Unraveling the vasculature network around the tumor with aryl urea derivatives


Normal cells have mechanisms that enables them prevent excessive growth. An example is the process of apoptosis. Mutations in genes controlling those mechanisms give rise to excessive and uncontrolled growth of cells resulting in cancer formation. In addition, the cancer cells have developed additional mechanisms of evading control and ensuring their superiority over normal cells, hallmarks of cancer. The ability to form their own blood vessels by stimulating growth factors such as endothelial growth factor enables them to acquire nutrients and grow undeterred. It also participates in its spread, metastasis, via the bloodstream.

The treatment of cancer is achieved using radiotherapy and antineoplastic drugs. Other modalities include agents that block some of these hallmarks. For example, those agents that blocks angiogenesis which result in an inadequate supply of nutrients to cancer cells, slowed growth, ischemia, and death. A natural vascular disruptor agent is combretastatin which is isolated from a plant extract. Synthetic agents are also available. The inhibition of vascular endothelial growth factor can be achieved by anti-cancer drugs sunitinib (marketed as Sutent by Pfizer) and sorafenib (marketed as Nexavar by Bayer). They block intracellular signaling by VEGF. They are used in treating renal cell carcinoma.

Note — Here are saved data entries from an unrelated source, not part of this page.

lemma one_mem_chain:
  assumes "full_chain m n \<noteq> {}"
  shows "1 \<in> T"
proof -
  have "n + 1 - m \<ge> 1"
    using assms by (auto simp: full_chain_def)
  then have "1 < n"
    using length_ge_2 by linarith
  then obtain i where "i \<in> T"
    using covering[of 1] by auto
  moreover have "finite T"
    using finite_subset[OF T_subset] by simp
  ultimately have "Min T \<in> T" "\<forall>j\<in>T. Min T \<le> j"
    by (auto intro: Min_in)
  show ?thesis
  proof (rule ccontr)
    assume "1 \<notin> T"
    then have "Min T \<noteq> 1" "1 \<le> Min T"
      using \<open>Min T \<in> T\<close> T_subset by auto
    then have "2 \<le> Min T"
      by linarith
    then have "Min T - (m - 1) \<in> T" "Min T - (m - 1) < Min T"
      using chain_step_down[OF \<open>Min T \<in> T\<close>] length_ge_2 by auto
    then show False
      using \<open>\<forall>j\<in>T. Min T \<le> j\<close> by (meson not_le)
  qed
qed

lemma chain_subset_full_chain: "T \<subseteq> full_chain m n"
proof -
  have "(m - 1) dvd (i - 1)" if "i \<in> T" for i
    using that
  proof (induction i rule: less_induct)
    case (less i)
    show ?case
    proof (cases "2 \<le> i")
      case True
      then have "m \<le> i" and prev: "i - (m - 1) \<in> T"
        using chain_step_down less.prems by auto
      moreover have "i - (m - 1) < i"
        using \<open>m \<le> i\<close> length_ge_2 by simp
      ultimately have "(m - 1) dvd (i - (m - 1) - 1)"
        using less.IH[OF _ prev] by simp
      then have "(m - 1) dvd (i - m)"
        using length_ge_2 by (simp add: diff_diff_add)
      moreover have "i - 1 = (i - m) + (m - 1)"
        using \<open>m \<le> i\<close> length_ge_2 by simp
      ultimately show ?thesis
        by simp
    next
      case False
      then show ?thesis
        using less.prems T_subset by (auto simp: le_Suc_eq)
    qed
  qed
  then show "T \<subseteq> full_chain m n"
    using T_subset by (auto simp: full_chain_def)
qed

lemma full_chain_subset_chain: "full_chain m n \<subseteq> T"
proof -
  have progression: "1 + (m - 1) * k \<in> T" if "1 + (m - 1) * k \<le> n + 1 - m" for k
    using that
  proof (induction k)
    case 0
    then have "1 \<in> full_chain m n"
      by (simp add: full_chain_def)
    then show ?case
      using one_mem_chain by auto
  next
    case (Suc k)
    then have "1 + (m - 1) * k \<in> T"
      by simp
    then show ?case
      using chain_step_up[of "1 + (m - 1) * k"] Suc.prems by (simp add: add.commute)
  qed
  show ?thesis
  proof
    fix i assume "i \<in> full_chain m n"
    then have i: "1 \<le> i" "i \<le> n + 1 - m" "(m - 1) dvd (i - 1)"
      by (auto simp: full_chain_def)
    then obtain k where "i = 1 + (m - 1) * k"
      by (metis add.commute dvdE le_add_diff_inverse2)
    then show "i \<in> T"
      using progression i(2) by simp
  qed
qed

lemma chain_eq_full_chain: "T = full_chain m n"
  using chain_subset_full_chain full_chain_subset_chain by (rule antisym)

end

lemma length_ge_2_if_non_overlapping:
  assumes "non_overlapping p"
  shows "2 \<le> length p"
proof (rule ccontr)
  assume "\<not> 2 \<le> length p"
  then have "overlap_set p = {}"
    by (auto simp: overlap_set_def)
  then show False
    using assms by (simp add: non_overlapping_def)
qed

lemma b_count_eq_off_full_chain:
  assumes p: "non_overlapping p" and q: "non_overlapping q" and len: "length q = length p"
    and IH: "\<And>n' T. n' < n \<Longrightarrow> b_count p n' T = b_count q n' T"
    and not_chain: "T \<noteq> full_chain (length p) n"
  shows "b_count p n T = b_count q n T"
proof -
  define m where "m = length p"
  have "2 \<le> m"
    using length_ge_2_if_non_overlapping[OF p] by (simp add: m_def)
  consider (outside) "\<not> T \<subseteq> {1..n + 1 - m}"
    | (close) i j where "i \<in> T" "j \<in> T" "i < j" "j - i < m - 1"
    | (cut) k where "0 < k" "k < n" "\<forall>i\<in>T. i + m - 1 \<le> k \<or> k < i" "T \<subseteq> {1..n + 1 - m}"
    | (chain) "T \<subseteq> {1..n + 1 - m}" "\<And>i j. i \<in> T \<Longrightarrow> j \<in> T \<Longrightarrow> i < j \<Longrightarrow> m - 1 \<le> j - i"
        "\<And>r. 0 < r \<Longrightarrow> r < n \<Longrightarrow> \<exists>i\<in>T. i \<le> r \<and> r < i + m - 1"
    by (metis not_le not_less)
  then show ?thesis
  proof cases
    case outside
    then show ?thesis
      using len by (simp add: b_count_eq_0 m_def)
  next
    case close
    then show ?thesis
      using b_count_eq_0_if_close[OF p] b_count_eq_0_if_close[OF q] len by (simp add: m_def)
  next
    case cut
    have split: "b_count r n T
      = (n choose k) * b_count r k {i \<in> T. i \<le> k} * b_count r (n - k) ((\<lambda>i. i - k) ` {i \<in> T. k < i})"
      if "length r = m" for r
      using cut that by (intro b_count_split) auto
    show ?thesis
      using split[of p] split[of q] IH[of k] IH[of "n - k"] cut len by (simp add: m_def)
  next
    case chain
    then show ?thesis
      using chain_eq_full_chain[OF \<open>2 \<le> m\<close>] not_chain by (simp add: m_def)
  qed
qed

In a recent research paper published in European Journal of Medicinal Chemistry, Jaume I University scientists: Laura Conesa-Milián, Professor Eva Falomir, Dr. Juan Murga, and Dr. Miguel Carda together with Dr. J. Alberto Marco at University of Valencia synthesized much improved molecules with antiangiogenic activity by installing AMCA-4(3’-Amino-Combretastatin) urea functionality.

They showed low micromolar concentrations of most urea compounds were sufficient to inhibit cellular proliferation. The inhibition of the cell cycle increased subG0 stage, and arrest of mitosis was achieved with all the urea compounds. On the other hand, they found out that sunitinib and sorafenib had no effect on cell division. Urea and AMCA-4 caused compression and fragmentation of nuclei and aggregation of tubulin. The inhibition of apoptosis was achieved in most of the urea compounds.

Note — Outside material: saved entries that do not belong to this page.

(* Let $\mathcal{D}=(\mathcal{P},\mathcal{B},\mathcal{I})$ be a quasi-symmetric $(v,b,r,k,\lambda_1,0)$ SPBIBD of type $(k-1,t)$ with intersection numbers $x=0$ and $y>1$, and let $\Gamma$ be its incidence graph. Then $\Gamma$ is $2$-$\mathcal{P}$-homogeneous if and only if $$k=\frac{(y-1)(r-\lambda_1)(t-1)}{\lambda_1(t-y)}+2\quad\text{and}\quad t=\frac{(k-1)\left[r(y-1)-\lambda_1(k-y-1)\right]}{\lambda_1(y-1)}.$$
   Context: A design $\mathcal{D}=(\mathcal{P},\mathcal{B},\mathcal{I})$ is an incidence structure with $|\mathcal{P}|=v$, $|\mathcal{B}|=b$, every block incident with exactly $k$ points and every point with exactly $r$ blocks; standing assumptions: $v>k$ and $r<b$. $(p,B)$ is a flag if $p\in B$, a non-flag otherwise. $\mathcal{D}$ is a $(v,b,r,k,\lambda_1,\lambda_2)$ SPBIBD of type $(s,t)$ if (i) any two distinct points are together in exactly $\lambda_1$ or exactly $\lambda_2$ blocks; (ii) for every flag $(p,B)$, the number of points of $B$ other than $p$ lying with $p$ in exactly $\lambda_1$ blocks is $s$; (iii) for every non-flag $(p,B)$, the number of points of $B$ lying with $p$ in exactly $\lambda_1$ blocks is $t$. Quasi-symmetric with intersection numbers $x<y$: any two distinct blocks share exactly $x$ or $y$ points, both values occurring. The incidence graph is the bipartite graph on $\mathcal{P}\cup\mathcal{B}$ with $p\sim B$ iff $p\in B$. $\Gamma_i(u)$ is the set of vertices at distance $i$ from $u$, $\Gamma(u)=\Gamma_1(u)$. For a $(Y,Y')$-bipartite graph in which every vertex of $Y$ has eccentricity $D\ge3$: it is $2$-$Y$-homogeneous if for each $1\le i\le D-1$ the number $|\Gamma(x)\cap\Gamma(y)\cap\Gamma_{i-1}(z)|$ is the same for all $x\in Y$, $y\in\Gamma_2(x)$, $z\in\Gamma_i(x)\cap\Gamma_i(y)$. *)

theory Defs
  imports Complex_Main
begin

text \<open>Points P :: 'a set, blocks Bs :: 'b set (abstract block labels, so repeated
  blocks are allowed), incidence I p B.\<close>

definition lam :: "'a set \<Rightarrow> 'b set \<Rightarrow> ('a \<Rightarrow> 'b \<Rightarrow> bool) \<Rightarrow> 'a \<Rightarrow> 'a \<Rightarrow> nat" where
  "lam P Bs I p q = card {B \<in> Bs. I p B \<and> I q B}"

definition design ::
  "'a set \<Rightarrow> 'b set \<Rightarrow> ('a \<Rightarrow> 'b \<Rightarrow> bool) \<Rightarrow> nat \<Rightarrow> nat \<Rightarrow> nat \<Rightarrow> nat \<Rightarrow> bool" where
  "design P Bs I v b r k \<longleftrightarrow>
     finite P \<and> finite Bs \<and> card P = v \<and> card Bs = b \<and>
     (\<forall>B\<in>Bs. card {p \<in> P. I p B} = k) \<and>
     (\<forall>p\<in>P. card {B \<in> Bs. I p B} = r) \<and>
     v > k \<and> r < b"

definition spbibd ::
  "'a set \<Rightarrow> 'b set \<Rightarrow> ('a \<Rightarrow> 'b \<Rightarrow> bool) \<Rightarrow> nat \<Rightarrow> nat \<Rightarrow> nat \<Rightarrow> nat \<Rightarrow> nat \<Rightarrow> nat
     \<Rightarrow> nat \<Rightarrow> nat \<Rightarrow> bool" where
  "spbibd P Bs I v b r k l1 l2 s t \<longleftrightarrow>
     design P Bs I v b r k \<and>
     (\<forall>p\<in>P. \<forall>q\<in>P. p \<noteq> q \<longrightarrow> lam P Bs I p q = l1 \<or> lam P Bs I p q = l2) \<and>
     (\<forall>p\<in>P. \<forall>B\<in>Bs. I p B \<longrightarrow>
        card {q \<in> P. q \<noteq> p \<and> I q B \<and> lam P Bs I p q = l1} = s) \<and>
     (\<forall>p\<in>P. \<forall>B\<in>Bs. \<not> I p B \<longrightarrow>
        card {q \<in> P. I q B \<and> lam P Bs I p q = l1} = t)"

definition quasi_symmetric ::
  "'a set \<Rightarrow> 'b set \<Rightarrow> ('a \<Rightarrow> 'b \<Rightarrow> bool) \<Rightarrow> nat \<Rightarrow> nat \<Rightarrow> bool" where
  "quasi_symmetric P Bs I x y \<longleftrightarrow>
     x < y \<and>
     (\<forall>B\<in>Bs. \<forall>C\<in>Bs. B \<noteq> C \<longrightarrow>
        card {p \<in> P. I p B \<and> I p C} = x \<or> card {p \<in> P. I p B \<and> I p C} = y) \<and>
     (\<exists>B\<in>Bs. \<exists>C\<in>Bs. B \<noteq> C \<and> card {p \<in> P. I p B \<and> I p C} = x) \<and>
     (\<exists>B\<in>Bs. \<exists>C\<in>Bs. B \<noteq> C \<and> card {p \<in> P. I p B \<and> I p C} = y)"

definition at_dist :: "('v \<times> 'v) set \<Rightarrow> 'v \<Rightarrow> 'v \<Rightarrow> nat \<Rightarrow> bool" where
  "at_dist E u w i \<longleftrightarrow> (u, w) \<in> E ^^ i \<and> (\<forall>j<i. (u, w) \<notin> E ^^ j)"

definition Gamma :: "('v \<times> 'v) set \<Rightarrow> nat \<Rightarrow> 'v \<Rightarrow> 'v set" where
  "Gamma E i u = {w. at_dist E u w i}"

definition has_ecc :: "('v \<times> 'v) set \<Rightarrow> 'v set \<Rightarrow> 'v \<Rightarrow> nat \<Rightarrow> bool" where
  "has_ecc E V x D \<longleftrightarrow> (\<forall>w\<in>V. \<exists>i\<le>D. at_dist E x w i) \<and> (\<exists>w\<in>V. at_dist E x w D)"

definition two_Y_homogeneous :: "('v \<times> 'v) set \<Rightarrow> 'v set \<Rightarrow> 'v set \<Rightarrow> bool" where
  "two_Y_homogeneous E V Y \<longleftrightarrow>
     (\<exists>D\<ge>3. (\<forall>x\<in>Y. has_ecc E V x D) \<and>
       (\<forall>i\<in>{1..D-1}. \<exists>c. \<forall>x\<in>Y. \<forall>y\<in>Gamma E 2 x.
          \<forall>z\<in>Gamma E i x \<inter> Gamma E i y.
            card (Gamma E 1 x \<inter> Gamma E 1 y \<inter> Gamma E (i - 1) z) = c))"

When the research team looked at the effect on angiogenesis, they used the classical endothelial tube formation. They found that ortho-bromo substituted urea 8 and ortho-chloro substituted urea 5 were highly active in preventing angiogenesis of tumor cells at a concentration of 0.1µm. When compared to sunitinib and sorafenib, these molecules had less inhibition of blood vessel formation. The interaction with the VEGFR-2 was also examined by the researchers with the outcome that the two compounds were also the most active. The down-regulation of the VEGF receptors was achieved in all the urea compounds at different levels. For instance, urea 8 and 5 caused the down-regulation to half. The highest inhibition of the activity of VEGFR tyrosine kinase was achieved by ortho-chloro substituted urea 5.

In conclusion, the Spanish scientists synthesized new urea derived molecules that can be utilized in killing cancer cells. The most active agents were ortho-bromo substituted urea 8 and ortho-chloro substituted urea 5. They inhibit cell division of the cancer cells, causes apoptosis resulting in their destruction, prevent the formation of new blood vessels, inhibit the tyrosine kinase signaling of VEGF receptors, and inhibit the proliferation of tumor cells. Their use may help in counteracting most of the hallmarks developed by malignant cells resulting in the destruction of malignant cells, slowed growth, and prevention of its spread via the circulation. Clinical advancement of these molecules will be important to realize their potential.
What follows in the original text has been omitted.